Diante de tais dados, é possível supor que há milhões de brasileiros que estão dispostos a aceitar a violência como linguagem e a insegurança como regra, já que o Estado de Direito pressupõe limites que, o tempo todo, estão sendo ultrapassados. E, se é possível explicar tal fenômeno, o pânico gerado pelo medo e pela incerteza não pode ser desconsiderado.
Medo da violência; do desemprego; de uma depressão econômica; de ser vítima do coronavírus. E, entre as múltiplas faces da violência, vemos população e profissionais de linha de frente (médicos, enfermeiros, policiais, bombeiros, entre outros) abandonados à própria sorte e à tradicional e perversa letargia que caracteriza a burocracia pública do país. Tudo temperado pelo descaso para com a vida e com a garantia dos direitos civis da população.
Tanto é que, se for da conveniência política, muitos irão tecer duras críticas à medidas que, por exemplo, tentem mitigar os riscos em presídios e nada além de “preocupações” retóricas com o aumento da violência contra a mulher será implementado. Falta-nos coordenação, articulação e, em especial, falta-nos vontade política e institucional para enfrentar o aprofundamento das agudas desigualdades estruturais que caracterizam a sociedade brasileira.

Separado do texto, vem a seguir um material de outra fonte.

(* Let $\sigma=\langle\mathcal V,\mathcal C,S,B\rangle$ be an approval-based multi-winner election. Fix any run of ODH on $\sigma$ (any tie-breaking), and for $i=0,\dots,S-1$ let $\mathcal C_e^i$ be the set of the first $i$ candidates it chooses ($\mathcal C_e^0=\emptyset$). Let $c\in\mathcal C\setminus\mathcal C_e^i$, and let $\{y_1,\dots,y_n\}\subseteq2^{\mathcal C}$ be such that $c\in y_j$ for every $j=1,\dots,n$. Then $$\mathrm{maxMin}(\sigma,\mathcal C_e^i\cup\{c\})\ \ge\ \frac{\sum_{j=1}^nB(y_j)}{\big|\mathcal C_e^i\cap\bigcup_{j=1}^ny_j\big|+1}.$$
   Context: An approval-based multi-winner election is a tuple $\sigma=\langle \mathcal V,\mathcal C,S,B\rangle$, where $\mathcal V$ is a finite set of agents, $\mathcal C$ is a finite set of candidates, $1\le S\le|\mathcal C|$ is an integer, and $B:2^{\mathcal C}\to\mathbb N$ gives, for each $\mathcal A\subseteq\mathcal C$, the number $B(\mathcal A)$ of agents whose ballot is exactly $\mathcal A$ (with $\sum_{\mathcal A}B(\mathcal A)\le|\mathcal V|$). For a non-empty $\mathcal A\subseteq\mathcal C$, the family $\mathfrak F_{\sigma,\mathcal A}$ is the set of all $F:2^{\mathcal C}\times\mathcal A\to\mathbb R$ such that: - $F(y,c)\ge0$ for all $y$ and $c$; - $F(y,c)=0$ if $c\notin y$; - $\sum_{c\in\mathcal A\cap y}F(y,c)=B(y)$ whenever $y\cap\mathcal A\neq\emptyset$. We write $\mathrm{Supp}_F(c)=\sum_yF(y,c)$ and $\mathrm{maxMin}(\sigma,\mathcal A)=\sup_{F\in\mathfrak F_{\sigma,\mathcal A}}\min_{c\in\mathcal A}\mathrm{Supp}_F(c)$. We also write $\mathfrak F^{\mathrm{opt}}_{\sigma,\mathcal A}=\{F\in\mathfrak F_{\sigma,\mathcal A}:\mathrm{Supp}_F(c)\ge\mathrm{maxMin}(\sigma,\mathcal A)\ \forall c\in\mathcal A\}$. The Open D'Hondt (ODH) rule proceeds as follows. Start with $\mathcal C_e=\emptyset$ and repeat $S$ times: - for each $c\in\mathcal C\setminus\mathcal C_e$, choose any $F\in\mathfrak F^{\mathrm{opt}}_{\sigma,\mathcal C_e\cup\{c\}}$ and set $s_c=\mathrm{Supp}_F(c)$; - then add to $\mathcal C_e$ some $w$ maximizing $s_w$ (ties broken arbitrarily). Finally, output $\mathcal C_e$. *)

theory Defs
  imports Complex_Main
begin

text \<open>An approval-based multi-winner election: agents V, candidates C, committee size S,
  and B A = number of agents whose ballot is exactly A (for A a subset of C).\<close>
definition election :: "'v set \<Rightarrow> 'c set \<Rightarrow> nat \<Rightarrow> ('c set \<Rightarrow> nat) \<Rightarrow> bool" where
  "election V C S B \<longleftrightarrow> finite V \<and> finite C \<and> 1 \<le> S \<and> S \<le> card C \<and>
     (\<Sum>A\<in>Pow C. B A) \<le> card V"

text \<open>The family F_{sigma,A}: functions on 2^C x A (values outside are irrelevant).\<close>
definition Fam :: "'c set \<Rightarrow> ('c set \<Rightarrow> nat) \<Rightarrow> 'c set \<Rightarrow> ('c set \<Rightarrow> 'c \<Rightarrow> real) set" where
  "Fam C B A = {F. (\<forall>y\<in>Pow C. \<forall>c\<in>A. F y c \<ge> 0) \<and>
                  (\<forall>y\<in>Pow C. \<forall>c\<in>A. c \<notin> y \<longrightarrow> F y c = 0) \<and>
                  (\<forall>y\<in>Pow C. y \<inter> A \<noteq> {} \<longrightarrow> (\<Sum>c\<in>A \<inter> y. F y c) = real (B y))}"

definition Supp :: "'c set \<Rightarrow> ('c set \<Rightarrow> 'c \<Rightarrow> real) \<Rightarrow> 'c \<Rightarrow> real" where
  "Supp C F c = (\<Sum>y\<in>Pow C. F y c)"

definition maxMin :: "'c set \<Rightarrow> ('c set \<Rightarrow> nat) \<Rightarrow> 'c set \<Rightarrow> real" where
  "maxMin C B A = (SUP F\<in>Fam C B A. Min (Supp C F ` A))"

definition FamOpt :: "'c set \<Rightarrow> ('c set \<Rightarrow> nat) \<Rightarrow> 'c set \<Rightarrow> ('c set \<Rightarrow> 'c \<Rightarrow> real) set" where
  "FamOpt C B A = {F\<in>Fam C B A. \<forall>c\<in>A. Supp C F c \<ge> maxMin C B A}"

definition ODH_run :: "'c set \<Rightarrow> nat \<Rightarrow> ('c set \<Rightarrow> nat) \<Rightarrow> 'c list \<Rightarrow> bool" where
  "ODH_run C S B ws \<longleftrightarrow> length ws = S \<and>
     (\<forall>i<S. let Ce = set (take i ws) in
        ws ! i \<in> C - Ce \<and>
        (\<exists>s :: 'c \<Rightarrow> real.
           (\<forall>c\<in>C - Ce. \<exists>F\<in>FamOpt C B (Ce \<union> {c}). s c = Supp C F c) \<and>
           (\<forall>c\<in>C - Ce. s c \<le> s (ws ! i))))"

end

theory Submission
  imports Defs
begin

text \<open>
  Write \<open>N(X)\<close> for the number of voters whose ballot meets \<open>X\<close>. A weighted Hall theorem shows
  that \<open>t \<le> maxMin(\<sigma>, A)\<close> as soon as \<open>t |X| \<le> N(X)\<close> for all \<open>X \<subseteq> A\<close>; conversely \<open>maxMin(\<sigma>, A)\<close>
  satisfies these inequalities, with equality for some nonempty \<open>X\<close>. Let \<open>t\<close> be the claimed bound.
  Adding \<open>c\<close> to any \<open>D \<subseteq> C\<^sub>e\<^sup>i\<close> preserves the inequalities, since the ballots \<open>y\<^sub>j\<close> all contain \<open>c\<close>
  and are shared by at most \<open>|C\<^sub>e\<^sup>i \<inter> \<Union>y\<^sub>j| + 1\<close> candidates. By induction along the run they hold
  on every \<open>C\<^sub>e\<^sup>j\<close>: the winner \<open>w\<close> of round \<open>j\<close> scores at least the score of \<open>c\<close>, which is at
  least \<open>maxMin(\<sigma>, C\<^sub>e\<^sup>j \<union> {c}) \<ge> t\<close>, and a tight set of \<open>C\<^sub>e\<^sup>j \<union> {w}\<close> then shows
  \<open>maxMin(\<sigma>, C\<^sub>e\<^sup>j \<union> {w}) \<ge> t\<close>.
\<close>

section \<open>Allocations and neighbourhood weights\<close>

lemma sum_fun_upd:
  fixes f :: "'a \<Rightarrow> 'b::ab_group_add"
  assumes "finite S"
  shows "sum (f(a := v)) S = (if a \<in> S then sum f S - f a + v else sum f S)"
proof (cases "a \<in> S")
  case True
  have "sum (f(a := v)) (S - {a}) = sum f (S - {a})"
    by (rule sum.cong) auto
  then show ?thesis
    using True sum.remove[OF assms True, of "f(a := v)"] sum.remove[OF assms True, of f]
    by (simp add: algebra_simps)
next
  case False
  then have "sum (f(a := v)) S = sum f S"
    by (intro sum.cong) auto
  then show ?thesis using False by simp
qed

definition nbhd_weight :: "'c set \<Rightarrow> ('c set \<Rightarrow> real) \<Rightarrow> 'c set \<Rightarrow> real" where
  "nbhd_weight C b X = (\<Sum>y\<in>{y\<in>Pow C. y \<inter> X \<noteq> {}}. b y)"

text \<open>The family \<open>Fam\<close> with real ballot weights, which the induction below needs since it
  lowers weights by real amounts.\<close>

definition allocation :: "'c set \<Rightarrow> ('c set \<Rightarrow> real) \<Rightarrow> 'c set \<Rightarrow> ('c set \<Rightarrow> 'c \<Rightarrow> real) \<Rightarrow> bool" where
  "allocation C b A F \<longleftrightarrow> (\<forall>y\<in>Pow C. \<forall>c\<in>A. 0 \<le> F y c) \<and>
     (\<forall>y\<in>Pow C. \<forall>c\<in>A. c \<notin> y \<longrightarrow> F y c = 0) \<and>
     (\<forall>y\<in>Pow C. y \<inter> A \<noteq> {} \<longrightarrow> (\<Sum>c\<in>A \<inter> y. F y c) = b y)"

definition hall_condition :: "'c set \<Rightarrow> ('c set \<Rightarrow> real) \<Rightarrow> ('c \<Rightarrow> real) \<Rightarrow> 'c set \<Rightarrow> bool" where
  "hall_condition C b d A \<longleftrightarrow> (\<forall>X\<subseteq>A. sum d X \<le> nbhd_weight C b X)"

lemma nbhd_weight_empty [simp]: "nbhd_weight C b {} = 0"
  by (simp add: nbhd_weight_def)

lemma nbhd_weight_nonneg: "(\<And>y. 0 \<le> b y) \<Longrightarrow> 0 \<le> nbhd_weight C b X"
  unfolding nbhd_weight_def by (rule sum_nonneg)

lemma nbhd_weight_singleton_pos:
  assumes "0 < nbhd_weight C b {a}"
  obtains y where "y \<in> Pow C" "a \<in> y" "0 < b y"
proof -
  obtain y where "y \<in> {y\<in>Pow C. y \<inter> {a} \<noteq> {}}" "0 < b y"
    using assms unfolding nbhd_weight_def by (meson not_le sum_nonpos)
  then show thesis using that by auto
qed

lemma nbhd_weight_fun_upd:
  assumes "finite C" "y0 \<in> Pow C"
  shows "nbhd_weight C (b(y0 := v)) X =
           (if y0 \<inter> X \<noteq> {} then nbhd_weight C b X - b y0 + v else nbhd_weight C b X)"
  unfolding nbhd_weight_def using assms by (subst sum_fun_upd) auto

lemma nbhd_weight_Un_disjoint:
  assumes "finite C" "Z \<inter> X = {}"
  shows "nbhd_weight C b (Z \<union> X) =
           nbhd_weight C b X + nbhd_weight C (\<lambda>y. if y \<inter> X = {} then b y else 0) Z"
proof -
  have "{y\<in>Pow C. y \<inter> (Z \<union> X) \<noteq> {}} =
          {y\<in>Pow C. y \<inter> X \<noteq> {}} \<union> {y\<in>Pow C. y \<inter> Z \<noteq> {} \<and> y \<inter> X = {}}"
    by blast
  then have "nbhd_weight C b (Z \<union> X) =
               nbhd_weight C b X + (\<Sum>y\<in>{y\<in>Pow C. y \<inter> Z \<noteq> {} \<and> y \<inter> X = {}}. b y)"
    unfolding nbhd_weight_def using assms(1) by (simp add: sum.union_disjoint disjoint_iff)
  also have "(\<Sum>y\<in>{y\<in>Pow C. y \<inter> Z \<noteq> {} \<and> y \<inter> X = {}}. b y) =
               nbhd_weight C (\<lambda>y. if y \<inter> X = {} then b y else 0) Z"
    unfolding nbhd_weight_def using assms(1) by (simp add: sum.If_cases, intro sum.cong) auto
  finally show ?thesis .
qed

lemma nbhd_weight_restrict:
  assumes "Z \<subseteq> X"
  shows "nbhd_weight C (\<lambda>y. if y \<inter> X \<noteq> {} then b y else 0) Z = nbhd_weight C b Z"
  unfolding nbhd_weight_def by (rule sum.cong) (use assms in auto)

lemma allocationD:
  assumes "allocation C b A F" "y \<in> Pow C"
  shows "c \<in> A \<Longrightarrow> 0 \<le> F y c"
    and "c \<in> A \<Longrightarrow> c \<notin> y \<Longrightarrow> F y c = 0"
    and "y \<inter> A \<noteq> {} \<Longrightarrow> (\<Sum>c\<in>A \<inter> y. F y c) = b y"
  using assms unfolding allocation_def by blast+

lemma allocation_exists:
  assumes "finite C" "\<forall>y. 0 \<le> b y"
  shows "\<exists>F. allocation C b A F"
proof -
  define g where "g y = (SOME x. x \<in> A \<inter> y)" for y
  define F where "F y x = (if x \<in> y \<and> x = g y then b y else 0)" for y x
  have "(\<Sum>c\<in>A \<inter> y. F y c) = b y" if "y \<in> Pow C" "y \<inter> A \<noteq> {}" for y
  proof -
    have "g y \<in> A \<inter> y" unfolding g_def using that(2) by (metis Int_commute ex_in_conv someI)
    moreover have "finite (A \<inter> y)" using that(1) assms(1) finite_subset by blast
    moreover have "(\<Sum>c\<in>A \<inter> y. F y c) = (\<Sum>c\<in>A \<inter> y. if c = g y then b y else 0)"
      unfolding F_def by (rule sum.cong) auto
    ultimately show ?thesis by simp
  qed
  then have "allocation C b A F"
    using assms(2) unfolding allocation_def F_def by auto
  then show ?thesis by blast
qed

lemma allocation_Supp_nonneg: "allocation C b A F \<Longrightarrow> x \<in> A \<Longrightarrow> 0 \<le> Supp C F x"
  unfolding Supp_def allocation_def by (auto intro!: sum_nonneg)

lemma Supp_fun_upd:
  assumes "finite C" "y0 \<in> Pow C"
  shows "Supp C (F(y0 := (F y0)(a := v))) x =
           (if x = a then Supp C F x - F y0 a + v else Supp C F x)"
proof -
  have "(\<lambda>y. (F(y0 := (F y0)(a := v))) y x) = (\<lambda>y. F y x)(y0 := ((F y0)(a := v)) x)"
    by auto
  then have "Supp C (F(y0 := (F y0)(a := v))) x = Supp C F x - F y0 x + ((F y0)(a := v)) x"
    unfolding Supp_def using assms by (simp only: sum_fun_upd finite_Pow_iff) simp
  then show ?thesis by (cases "x = a") simp_all
qed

Disso, é pouco provável que críticas em relação à incompostura e/ou falta de liturgia do presidente diante dos riscos tenham ressonância. Pela análise dos dados das pesquisas citadas, isso só deve mudar se ao menos 7% dos atuais apoiadores mudarem de opinião e, com isso, isolar o discurso negacionista de Jair Bolsonaro a um importante porém minoritário segmento da população.
Enquanto sua voz ecoar tão forte e for aceita por ao menos 1/3 da sociedade, mesmo que na prática seu governo recue e adote medidas baseadas nas melhores recomendações e evidências, nós estaremos sob um cenário em que não só Bolsonaro é rei, mas, pior, nós seremos o personagem do conto “A terra dos cegos”, de H. G. Wells, que detentor de visão normal, tenta convencer os demais de que ele tinha um sentido do qual eles eram destituídos; fracassa e, como resultado, a população decide arrancar-lhe os olhos para curá-lo de sua ilusão.